The court concluded that probable cause did not exist to search the cell phone.[ii] The court emphasized the heightened Dorelas standard, and concluded that the affidavit in support of the search warrant failed to describe “particularized evidence” that the defendant’s phone would contain evidence relating to the crime. The court completely discounted the detective’s statement that, in his training and experience, cell phones “store vast amounts of electronic data” and thus “there is probable cause”, explaining that such a “general, conclusory statement adds nothing to the probable cause calculus.” While the court found the error in Broom to be harmless, its decision put lower courts on notice that they cannot authorize digital searches merely based on an officer’s training and experience without the kind of specific supporting information present in Dorelas.[iii]

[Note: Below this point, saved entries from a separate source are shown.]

(* Let $R$ be a commutative Noetherian ring, $M$ a faithful primeful $R$-module having at least one prime submodule, $X=\mathrm{Spec}(M)$, $N$ an $R$-module, $K\le M$, $U=X\setminus V(K)$, and $W$ an open subset of $X$ with $U\subseteq W$. Let $\rho_{WU}:\mathcal{A}(N,M)(W)\to\mathcal{A}(N,M)(U)$ be the restriction map. Then $\ker(\rho_{WU})=\Gamma_{(K:M)}(\mathcal{A}(N,M)(W))$.
   Context: For a submodule $L$ of an $R$-module $M$, $(L:M)=\{r\in R\mid rM\subseteq L\}$. A submodule $P$ of $M$ is prime if $P\neq M$ and whenever $rm\in P$ ($r\in R$, $m\in M$) then $r\in (P:M)$ or $m\in P$. $\mathrm{Spec}(M)$ is the set of prime submodules. $M$ is faithful if $\mathrm{Ann}_R(M)=0$; primeful if $M=0$ or $\mathrm{Spec}(M)\to\mathrm{Spec}(R/\mathrm{Ann}(M))$, $P\mapsto(P:M)/\mathrm{Ann}(M)$, is surjective. For $L\le M$, $V(L)=\{P\in X\mid (P:M)\supseteq (L:M)\}$; these are the closed sets of the Zariski topology. For open $U\subseteq X$, $\mathrm{Supp}(U)=\{(P:M)\mid P\in U\}$. $\mathcal{A}(N,M)(U)$ is the $R$-module of families $(\gamma_{\mathfrak p})_{\mathfrak p\in\mathrm{Supp}(U)}\in\prod_{\mathfrak p\in\mathrm{Supp}(U)}N_{\mathfrak p}$ such that for each $Q\in U$ there exist an open neighbourhood $W'\subseteq U$ of $Q$ and $s\in R$, $m\in N$ with $s\notin(P:M)$ and $\gamma_{(P:M)}=m/s$ for every $P\in W'$. For $V\subseteq U$ open, $\rho_{UV}$ sends $(\gamma_{\mathfrak p})_{\mathfrak p\in\mathrm{Supp}(U)}$ to $(\gamma_{\mathfrak p})_{\mathfrak p\in\mathrm{Supp}(V)}$ (zero map if $V=\emptyset$). $\Gamma_I(H)=\bigcup_{n\ge1}(0:_H I^n)$. *)

theory Defs
  imports Main "HOL.Modules"
begin

definition is_ideal :: "'r::comm_ring_1 set \<Rightarrow> bool" where
  "is_ideal I \<longleftrightarrow> 0 \<in> I \<and> (\<forall>a\<in>I. \<forall>b\<in>I. a + b \<in> I) \<and> (\<forall>r. \<forall>a\<in>I. r * a \<in> I)"

definition prime_ideal :: "'r::comm_ring_1 set \<Rightarrow> bool" where
  "prime_ideal p \<longleftrightarrow> is_ideal p \<and> p \<noteq> UNIV \<and> (\<forall>a b. a * b \<in> p \<longrightarrow> a \<in> p \<or> b \<in> p)"

definition ideal_gen :: "'r::comm_ring_1 set \<Rightarrow> 'r set" where
  "ideal_gen S = \<Inter>{I. is_ideal I \<and> S \<subseteq> I}"

definition noetherian_ring :: "'r::comm_ring_1 itself \<Rightarrow> bool" where
  "noetherian_ring _ \<longleftrightarrow> (\<forall>I::'r set. is_ideal I \<longrightarrow> (\<exists>F. finite F \<and> I = ideal_gen F))"

fun ideal_pow :: "'r::comm_ring_1 set \<Rightarrow> nat \<Rightarrow> 'r set" where
  "ideal_pow I 0 = UNIV"
| "ideal_pow I (Suc n) = ideal_gen {a * b | a b. a \<in> I \<and> b \<in> ideal_pow I n}"

definition colon :: "('r::comm_ring_1 \<Rightarrow> 'm::ab_group_add \<Rightarrow> 'm) \<Rightarrow> 'm set \<Rightarrow> 'r set" where
  "colon sm L = {r. \<forall>m. sm r m \<in> L}"

definition ann :: "('r::comm_ring_1 \<Rightarrow> 'm::ab_group_add \<Rightarrow> 'm) \<Rightarrow> 'r set" where
  "ann sm = {r. \<forall>m. sm r m = 0}"

definition faithful :: "('r::comm_ring_1 \<Rightarrow> 'm::ab_group_add \<Rightarrow> 'm) \<Rightarrow> bool" where
  "faithful sm \<longleftrightarrow> ann sm = {0}"

definition prime_submodule :: "('r::comm_ring_1 \<Rightarrow> 'm::ab_group_add \<Rightarrow> 'm) \<Rightarrow> 'm set \<Rightarrow> bool" where
  "prime_submodule sm P \<longleftrightarrow> module.subspace sm P \<and> P \<noteq> UNIV \<and>
     (\<forall>r m. sm r m \<in> P \<longrightarrow> r \<in> colon sm P \<or> m \<in> P)"

definition Spec_mod :: "('r::comm_ring_1 \<Rightarrow> 'm::ab_group_add \<Rightarrow> 'm) \<Rightarrow> 'm set set" where
  "Spec_mod sm = {P. prime_submodule sm P}"

text \<open>Primeful: M = 0 or the natural map Spec(M) \<rightarrow> Spec(R/Ann M), P \<mapsto> (P:M)/Ann M,
  is surjective. Prime ideals of R/Ann(M) are identified with the prime ideals of R
  containing Ann(M) (correspondence theorem).\<close>

definition primeful :: "('r::comm_ring_1 \<Rightarrow> 'm::ab_group_add \<Rightarrow> 'm) \<Rightarrow> bool" where
  "primeful sm \<longleftrightarrow> (UNIV :: 'm set) = {0} \<or>
     (\<forall>p. prime_ideal p \<and> ann sm \<subseteq> p \<longrightarrow> (\<exists>P\<in>Spec_mod sm. colon sm P = p))"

In Commonwealth v. White, 475 Mass. 583 (2016), the court made explicit what it had implied in Broom: “Probable cause to search or seize a person’s cellular telephone may not be based solely on an officer’s opinion that the device is likely to contain evidence of the crime under investigation.” The search warrant affidavit’s factual basis for the request to search the cell phone in White amounted to two things: (a) there was evidence that the defendant had participated with others in a robbery-homicide, and (b) the officer’s “training and experience” suggested that cell phones generally contain incriminating evidence of communications in multi-defendant cases. The court found this basis insufficient, emphasizing that the existence of probable cause to arrest does not necessarily provide probable cause to search a suspect’s cell phone; the latter requires particularized evidence that the phone was reasonably likely to contain evidence related to the crime. Absent such particularized evidence, a suspect’s cell phone cannot be searched.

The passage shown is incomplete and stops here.